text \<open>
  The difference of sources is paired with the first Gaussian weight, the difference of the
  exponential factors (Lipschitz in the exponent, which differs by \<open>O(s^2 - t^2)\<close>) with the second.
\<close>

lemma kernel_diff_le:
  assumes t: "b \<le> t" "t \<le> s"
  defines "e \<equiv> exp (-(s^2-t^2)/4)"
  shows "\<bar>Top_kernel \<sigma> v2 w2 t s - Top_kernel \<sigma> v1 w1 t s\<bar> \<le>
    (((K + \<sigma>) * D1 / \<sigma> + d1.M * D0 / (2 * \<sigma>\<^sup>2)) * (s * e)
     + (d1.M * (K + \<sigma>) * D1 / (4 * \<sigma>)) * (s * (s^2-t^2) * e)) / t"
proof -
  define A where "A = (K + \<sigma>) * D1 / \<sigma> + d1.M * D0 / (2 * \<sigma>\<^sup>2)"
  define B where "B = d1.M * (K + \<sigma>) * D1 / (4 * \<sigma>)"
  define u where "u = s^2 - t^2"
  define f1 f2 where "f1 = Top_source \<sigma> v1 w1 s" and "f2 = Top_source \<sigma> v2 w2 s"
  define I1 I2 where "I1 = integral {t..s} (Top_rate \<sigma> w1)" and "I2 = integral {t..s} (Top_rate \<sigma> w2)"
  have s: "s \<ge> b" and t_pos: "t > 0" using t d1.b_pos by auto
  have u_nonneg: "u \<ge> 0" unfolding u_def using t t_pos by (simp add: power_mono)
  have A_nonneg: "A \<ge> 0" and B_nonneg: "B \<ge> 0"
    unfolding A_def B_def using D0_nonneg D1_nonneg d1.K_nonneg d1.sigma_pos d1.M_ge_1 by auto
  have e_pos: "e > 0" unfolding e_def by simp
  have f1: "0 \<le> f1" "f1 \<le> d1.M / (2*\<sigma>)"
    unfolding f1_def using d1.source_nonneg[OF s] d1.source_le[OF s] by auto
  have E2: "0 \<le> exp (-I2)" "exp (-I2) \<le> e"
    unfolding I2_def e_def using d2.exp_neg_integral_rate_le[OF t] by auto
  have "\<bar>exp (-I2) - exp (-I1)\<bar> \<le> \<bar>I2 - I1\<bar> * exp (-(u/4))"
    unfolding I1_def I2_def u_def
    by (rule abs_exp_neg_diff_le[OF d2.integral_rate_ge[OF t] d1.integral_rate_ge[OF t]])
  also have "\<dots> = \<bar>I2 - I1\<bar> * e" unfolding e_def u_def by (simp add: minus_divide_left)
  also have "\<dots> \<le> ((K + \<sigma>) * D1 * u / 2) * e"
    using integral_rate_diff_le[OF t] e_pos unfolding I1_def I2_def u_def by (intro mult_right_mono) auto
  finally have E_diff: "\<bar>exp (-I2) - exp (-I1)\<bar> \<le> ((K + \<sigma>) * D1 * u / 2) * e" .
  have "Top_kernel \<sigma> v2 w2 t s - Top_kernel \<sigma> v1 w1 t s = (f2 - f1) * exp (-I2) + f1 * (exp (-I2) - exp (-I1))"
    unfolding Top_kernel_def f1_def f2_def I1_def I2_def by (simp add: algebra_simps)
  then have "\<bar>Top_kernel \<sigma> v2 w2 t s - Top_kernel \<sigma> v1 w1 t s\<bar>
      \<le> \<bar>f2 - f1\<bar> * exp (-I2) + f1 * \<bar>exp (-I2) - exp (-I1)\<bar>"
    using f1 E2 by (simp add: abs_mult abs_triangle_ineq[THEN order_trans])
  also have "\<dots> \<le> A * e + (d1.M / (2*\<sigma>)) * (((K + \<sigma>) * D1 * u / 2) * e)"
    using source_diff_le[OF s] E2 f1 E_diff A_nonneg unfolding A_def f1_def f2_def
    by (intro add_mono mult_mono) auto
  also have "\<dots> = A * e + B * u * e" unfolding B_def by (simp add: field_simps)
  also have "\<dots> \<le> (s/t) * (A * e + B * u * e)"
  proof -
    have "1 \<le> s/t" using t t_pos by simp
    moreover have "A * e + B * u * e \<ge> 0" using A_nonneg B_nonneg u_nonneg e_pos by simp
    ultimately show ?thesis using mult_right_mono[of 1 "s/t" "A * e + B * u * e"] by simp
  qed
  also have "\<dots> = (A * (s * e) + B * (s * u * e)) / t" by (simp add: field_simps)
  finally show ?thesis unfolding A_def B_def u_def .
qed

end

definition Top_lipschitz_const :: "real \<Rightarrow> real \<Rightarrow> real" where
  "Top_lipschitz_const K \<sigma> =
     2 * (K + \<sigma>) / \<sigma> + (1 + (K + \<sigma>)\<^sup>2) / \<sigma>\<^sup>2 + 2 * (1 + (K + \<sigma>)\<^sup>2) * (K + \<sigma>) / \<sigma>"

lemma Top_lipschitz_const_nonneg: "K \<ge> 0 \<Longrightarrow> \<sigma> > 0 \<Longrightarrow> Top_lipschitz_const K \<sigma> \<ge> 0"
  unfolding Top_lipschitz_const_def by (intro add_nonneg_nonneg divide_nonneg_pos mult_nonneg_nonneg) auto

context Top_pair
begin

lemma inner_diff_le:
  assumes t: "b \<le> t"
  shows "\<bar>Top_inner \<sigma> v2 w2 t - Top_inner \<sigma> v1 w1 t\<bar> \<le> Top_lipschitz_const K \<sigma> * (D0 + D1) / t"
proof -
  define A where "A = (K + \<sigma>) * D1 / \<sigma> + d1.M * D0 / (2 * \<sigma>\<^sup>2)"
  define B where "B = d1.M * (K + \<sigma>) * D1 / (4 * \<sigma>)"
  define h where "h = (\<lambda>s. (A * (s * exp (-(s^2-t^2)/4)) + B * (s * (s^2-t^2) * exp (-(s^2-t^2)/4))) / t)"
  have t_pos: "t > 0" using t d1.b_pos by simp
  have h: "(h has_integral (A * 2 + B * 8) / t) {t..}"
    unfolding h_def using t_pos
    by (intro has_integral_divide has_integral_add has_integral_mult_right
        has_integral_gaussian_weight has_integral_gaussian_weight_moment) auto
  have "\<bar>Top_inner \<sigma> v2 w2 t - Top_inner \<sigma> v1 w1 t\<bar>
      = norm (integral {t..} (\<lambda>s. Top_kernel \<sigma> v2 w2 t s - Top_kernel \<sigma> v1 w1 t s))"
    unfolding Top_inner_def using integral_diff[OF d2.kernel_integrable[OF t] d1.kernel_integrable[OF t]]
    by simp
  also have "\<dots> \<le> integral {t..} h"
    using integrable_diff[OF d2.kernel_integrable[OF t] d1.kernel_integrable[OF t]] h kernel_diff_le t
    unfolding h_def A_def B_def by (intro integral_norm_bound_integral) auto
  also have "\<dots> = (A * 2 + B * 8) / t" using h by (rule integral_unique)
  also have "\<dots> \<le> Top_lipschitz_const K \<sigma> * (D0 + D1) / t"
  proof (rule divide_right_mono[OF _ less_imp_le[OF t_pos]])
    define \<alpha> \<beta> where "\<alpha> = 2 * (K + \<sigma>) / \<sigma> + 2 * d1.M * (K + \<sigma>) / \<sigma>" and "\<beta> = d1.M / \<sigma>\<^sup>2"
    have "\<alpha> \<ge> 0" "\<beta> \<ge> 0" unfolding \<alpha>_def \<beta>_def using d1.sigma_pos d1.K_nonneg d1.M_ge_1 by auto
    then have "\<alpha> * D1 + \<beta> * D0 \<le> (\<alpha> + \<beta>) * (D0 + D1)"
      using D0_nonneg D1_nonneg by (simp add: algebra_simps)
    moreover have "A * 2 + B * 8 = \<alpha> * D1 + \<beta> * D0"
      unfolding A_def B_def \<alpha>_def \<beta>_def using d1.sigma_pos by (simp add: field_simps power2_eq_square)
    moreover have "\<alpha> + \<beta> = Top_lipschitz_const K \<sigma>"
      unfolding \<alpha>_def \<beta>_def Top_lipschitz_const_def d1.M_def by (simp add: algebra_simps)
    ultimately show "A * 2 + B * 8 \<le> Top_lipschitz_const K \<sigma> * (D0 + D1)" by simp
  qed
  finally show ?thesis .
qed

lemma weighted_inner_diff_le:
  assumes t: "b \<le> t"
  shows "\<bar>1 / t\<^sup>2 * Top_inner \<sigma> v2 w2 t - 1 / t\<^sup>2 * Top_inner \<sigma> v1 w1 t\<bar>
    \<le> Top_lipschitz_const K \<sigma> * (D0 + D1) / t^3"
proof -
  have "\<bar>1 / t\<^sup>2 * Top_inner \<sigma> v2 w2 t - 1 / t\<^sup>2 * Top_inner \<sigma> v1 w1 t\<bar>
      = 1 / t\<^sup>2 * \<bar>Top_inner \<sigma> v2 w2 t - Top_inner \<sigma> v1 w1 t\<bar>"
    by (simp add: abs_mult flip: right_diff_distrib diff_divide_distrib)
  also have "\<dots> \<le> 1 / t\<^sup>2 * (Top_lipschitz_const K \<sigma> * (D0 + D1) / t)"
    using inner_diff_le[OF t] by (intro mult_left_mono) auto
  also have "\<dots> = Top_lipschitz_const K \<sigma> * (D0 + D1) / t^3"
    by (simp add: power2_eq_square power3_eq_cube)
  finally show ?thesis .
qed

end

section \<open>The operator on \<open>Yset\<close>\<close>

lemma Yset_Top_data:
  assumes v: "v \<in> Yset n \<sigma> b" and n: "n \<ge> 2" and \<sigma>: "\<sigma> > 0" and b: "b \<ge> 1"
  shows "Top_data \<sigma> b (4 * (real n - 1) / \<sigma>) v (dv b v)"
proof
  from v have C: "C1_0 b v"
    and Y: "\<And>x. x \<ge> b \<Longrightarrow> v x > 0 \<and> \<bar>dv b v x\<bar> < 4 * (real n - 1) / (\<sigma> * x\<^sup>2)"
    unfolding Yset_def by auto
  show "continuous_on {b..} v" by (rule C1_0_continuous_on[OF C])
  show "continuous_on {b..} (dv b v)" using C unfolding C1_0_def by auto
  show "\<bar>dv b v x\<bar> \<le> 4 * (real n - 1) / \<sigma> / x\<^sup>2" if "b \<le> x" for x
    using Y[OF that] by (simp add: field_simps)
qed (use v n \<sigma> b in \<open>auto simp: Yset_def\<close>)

* _TASK DETAILS_:
Search the listing for "with" and show every line where it occurs.

* _TASK OUTPUT_:
  The difference of sources is paired with the first Gaussian weight, the difference of the
  exponential factors (Lipschitz in the exponent, which differs by \<open>O(s^2 - t^2)\<close>) with the second.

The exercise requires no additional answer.